You can read more about it here: https://api.flutter.dev/flutter/widgets/State/mounted.html

Anyways the only thing beeing called before the build is the initState. Everything youre doing inside this is before the build. initstate: https://api.flutter.dev/flutter/widgets/EditableTextState/initState.html

Answer 2

In the code example you added, screen 1 is never unmounted, thus those callbacks are not fired. Screen 2 is rendered on top of screen 1, and both are mounted.

You can confirm that screen 1 is always mounted, by adding a periodic callback in its state, add let it print out whether it's still mounted, for example:

  import 'dart:async';
  
  // in _FirstScreenState, add:

  @override
  void initState() {
    Timer.periodic(Duration(seconds: 1), (timer) {
      print("screen 1 is still mounted? $mounted");
    });
    super.initState();
  }

You will see that, it is always mounted, even if screen 2 is rendered on top of screen 1.

Also, you can do the same deactivate and dispose logic for screen 2, and you will see that, when navigating back from screen 2 to screen 1, screen 2 is truly unmounted, and both of the callbacks work correctly.
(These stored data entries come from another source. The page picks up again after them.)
(* In the setting below, let $e,f\in G_0$ with $T_e\cap S_f\neq\emptyset$, and let $n_{e,f}=|T_e\cap S_f|=|\{g\in G: r(g)=e,\ d(g)=f\}|$. Then $$B_{e,f}=\bigoplus_{g\in G_e,\ l\in T_e\cap S_f}E_g\delta_g\#v_l\ \cong\ M_{n_{e,f}}(E_e)$$ as unital $K$-algebras, where $B_{e,f}$ has identity $1_e\delta_e\#\sum_{l\in T_e\cap S_f}v_l$.
   Context: Groupoid conventions. A groupoid is a small category with all morphisms invertible, regarded as the set $G$ of morphisms. For $g\in G$ we have $d(g)=g^{-1}g$ and $r(g)=gg^{-1}$. The product $gh$ is defined iff $d(g)=r(h)$, and then $d(gh)=d(h)$, $r(gh)=r(g)$. $G^2=\{(g,h):d(g)=r(h)\}$, and $G_0$ is the set of identities. For $e\in G_0$: - $G_e=\{g: d(g)=r(g)=e\}$; - $S_e=\{g\in G: d(g)=e\}$; - $T_e=\{g\in G: r(g)=e\}$. Actions. An action of $G$ on a ring $R$ is a pair $\beta=(\{E_g\},\{\beta_g\})$ where each $E_g=E_{r(g)}$ is an ideal of $R$, each $\beta_g:E_{g^{-1}}\to E_g$ is a ring isomorphism, $\beta_e=\mathrm{id}$ for $e\in G_0$, and $\beta_g\beta_h=\beta_{gh}$ on $E_{h^{-1}}$ for $(g,h)\in G^2$. Skew groupoid ring. $R\star_\beta G=\bigoplus_{g\in G}E_g\delta_g$ (the $\delta_g$ are formal symbols), with $(x\delta_g)(y\delta_h)=x\beta_g(y)\delta_{gh}$ if $(g,h)\in G^2$ and $0$ otherwise, for $x\in E_g$, $y\in E_h$. $KG^*$. The free $K$-module with basis $\{v_g\}_{g\in G}$, with $v_gv_h=\delta_{g,h}v_g$ and identity $\sum_g v_g$. Weak smash product. For a unital $G$-graded algebra $A=\bigoplus A_g$ (with $A_gA_h\subseteq A_{gh}$ if $(g,h)\in G^2$, and $0$ otherwise), $KG^*$ acts by $v_h\cdot a=a_h$ (the $h$-component). $A\#KG^*=A\otimes_K KG^*$ with $(a\#v_g)(b\#v_h)=a(v_{gh^{-1}}\cdot b)\#v_h$ if $d(g)=d(h)$, and $0$ otherwise. Setting. $K$ is a commutative unital ring and $G$ is a finite groupoid. $R$ is a not necessarily unital $K$-algebra with an action $\beta$ of $G$ (by $K$-linear maps) such that each $E_e$, $e\in G_0$, has an identity element $1_e$; put $1_g:=1_{r(g)}$, the identity of $E_g$. Then $R\star_\beta G$ is a unital $K$-algebra with identity $\sum_{e\in G_0}1_e\delta_e$. It is $G$-graded with $g$-component $E_g\delta_g$, so that $v_k\cdot(a_g\delta_g)=\delta_{k,g}a_g\delta_g$. Let $B=(R\star_\beta G)\#KG^*=\bigoplus_{g,h\in G}E_g\delta_g\#v_h$. $M_n(X)$ denotes the $n\times n$ matrix algebra over $X$. *)

theory Defs
  imports Main "HOL.Modules"
begin

definition gdom :: "('g \<Rightarrow> 'g \<Rightarrow> 'g) \<Rightarrow> ('g \<Rightarrow> 'g) \<Rightarrow> 'g \<Rightarrow> 'g" where
  "gdom m i g = m (i g) g"

definition gran :: "('g \<Rightarrow> 'g \<Rightarrow> 'g) \<Rightarrow> ('g \<Rightarrow> 'g) \<Rightarrow> 'g \<Rightarrow> 'g" where
  "gran m i g = m g (i g)"

definition groupoid :: "'g set \<Rightarrow> ('g \<Rightarrow> 'g \<Rightarrow> 'g) \<Rightarrow> ('g \<Rightarrow> 'g) \<Rightarrow> bool" where
  "groupoid G m i \<longleftrightarrow>
     (\<forall>g\<in>G. i g \<in> G \<and> gdom m i (i g) = gran m i g \<and> gran m i (i g) = gdom m i g) \<and>
     (\<forall>g\<in>G. \<forall>h\<in>G. gdom m i g = gran m i h \<longrightarrow>
        m g h \<in> G \<and> gdom m i (m g h) = gdom m i h \<and> gran m i (m g h) = gran m i g) \<and>
     (\<forall>g\<in>G. \<forall>h\<in>G. \<forall>k\<in>G. gdom m i g = gran m i h \<longrightarrow> gdom m i h = gran m i k \<longrightarrow>
        m (m g h) k = m g (m h k)) \<and>
     (\<forall>g\<in>G. m (gran m i g) g = g \<and> m g (gdom m i g) = g)"

definition gobjs :: "'g set \<Rightarrow> ('g \<Rightarrow> 'g \<Rightarrow> 'g) \<Rightarrow> ('g \<Rightarrow> 'g) \<Rightarrow> 'g set" where
  "gobjs G m i = {e \<in> G. gdom m i e = e}"
lemma walk_colours_Downs_append:
  assumes "r < k"
  shows "walk_colours c (q * k + r) (replicate t Down @ ys) =
    row_colours q t @ walk_colours c ((q + t) * k + r) ys"
  using assms
proof (induction t arbitrary: q)
  case (Suc t)
  then show ?case
    using Suc.IH[of "Suc q"] by (simp add: row_colours_def upt_conv_Cons algebra_simps del: upt_Suc)
qed (simp add: row_colours_def)

lemma walk_colours_Rights_append:
  assumes "r + t \<le> k"
  shows "walk_colours c (q * k + r) (replicate t Right @ ys) =
    map (c (q mod a)) [r..<r + t] @ walk_colours c (q * k + (r + t)) ys"
  using assms
proof (induction t arbitrary: r)
  case (Suc t)
  then show ?case
    using Suc.IH[of "Suc r"] by (simp add: upt_conv_Cons del: upt_Suc)
qed simp

lemma walk_colours_no_wrap:
  assumes "r + R < k"
  shows "walk_colours c (q * k + r) (replicate j Down @ replicate R Right @ replicate t Down)
    = row_colours q j @ map (c ((q + j) mod a)) [r..<r + R] @ row_colours (q + j) t"
  using walk_colours_Downs_append[of r c q j] walk_colours_Rights_append[of r R c "q + j"]
    walk_colours_Downs_append[of "r + R" c "q + j" t "[]"] assms
  by simp

lemma walk_colours_wrap:
  assumes "r < k" "W < k"
  shows "walk_colours c (q * k + r)
      (replicate j Down @ replicate (k - r) Right @ replicate h Down @ replicate W Right @ replicate t Down)
    = row_colours q j @ map (c ((q + j) mod a)) [r..<k] @ row_colours (q + j + 1) h
      @ map (c ((q + j + 1 + h) mod a)) [0..<W] @ row_colours (q + j + 1 + h) t"
proof -
  let ?rest = "replicate h Down @ replicate W Right @ replicate t Down"
  have "walk_colours c ((q + j + 1) * k + 0) ?rest = row_colours (q + j + 1) h
      @ map (c ((q + j + 1 + h) mod a)) [0..<W] @ row_colours (q + j + 1 + h) t"
    using walk_colours_Downs_append[of 0 c "q + j + 1" h] walk_colours_Rights_append[of 0 W c "q + j + 1 + h"]
      walk_colours_Downs_append[of W c "q + j + 1 + h" t "[]"] assms
    by simp
  moreover have "walk_colours c (q * k + r) (replicate j Down @ replicate (k - r) Right @ ?rest)
      = row_colours q j @ map (c ((q + j) mod a)) [r..<k] @ walk_colours c ((q + j) * k + (r + (k - r))) ?rest"
    using walk_colours_Downs_append[of r c q j] walk_colours_Rights_append[of r "k - r" c "q + j"] assms
    by simp
  moreover have "(q + j) * k + (r + (k - r)) = (q + j + 1) * k + 0"
    using assms(1) by simp
  ultimately show ?thesis
    by (simp only: append_assoc)
qed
Thus again proving the problem isn't at those callbacks, it's that screen 1 wasn't unmounted.

So yeah... before you posted the code sample, I thought you ran into some error about widget being unmounted (defunct). But in this case, since you are using buttons and thus know exactly when page transition occurs, maybe you can just do whatever business logic you need to do, in the button callback?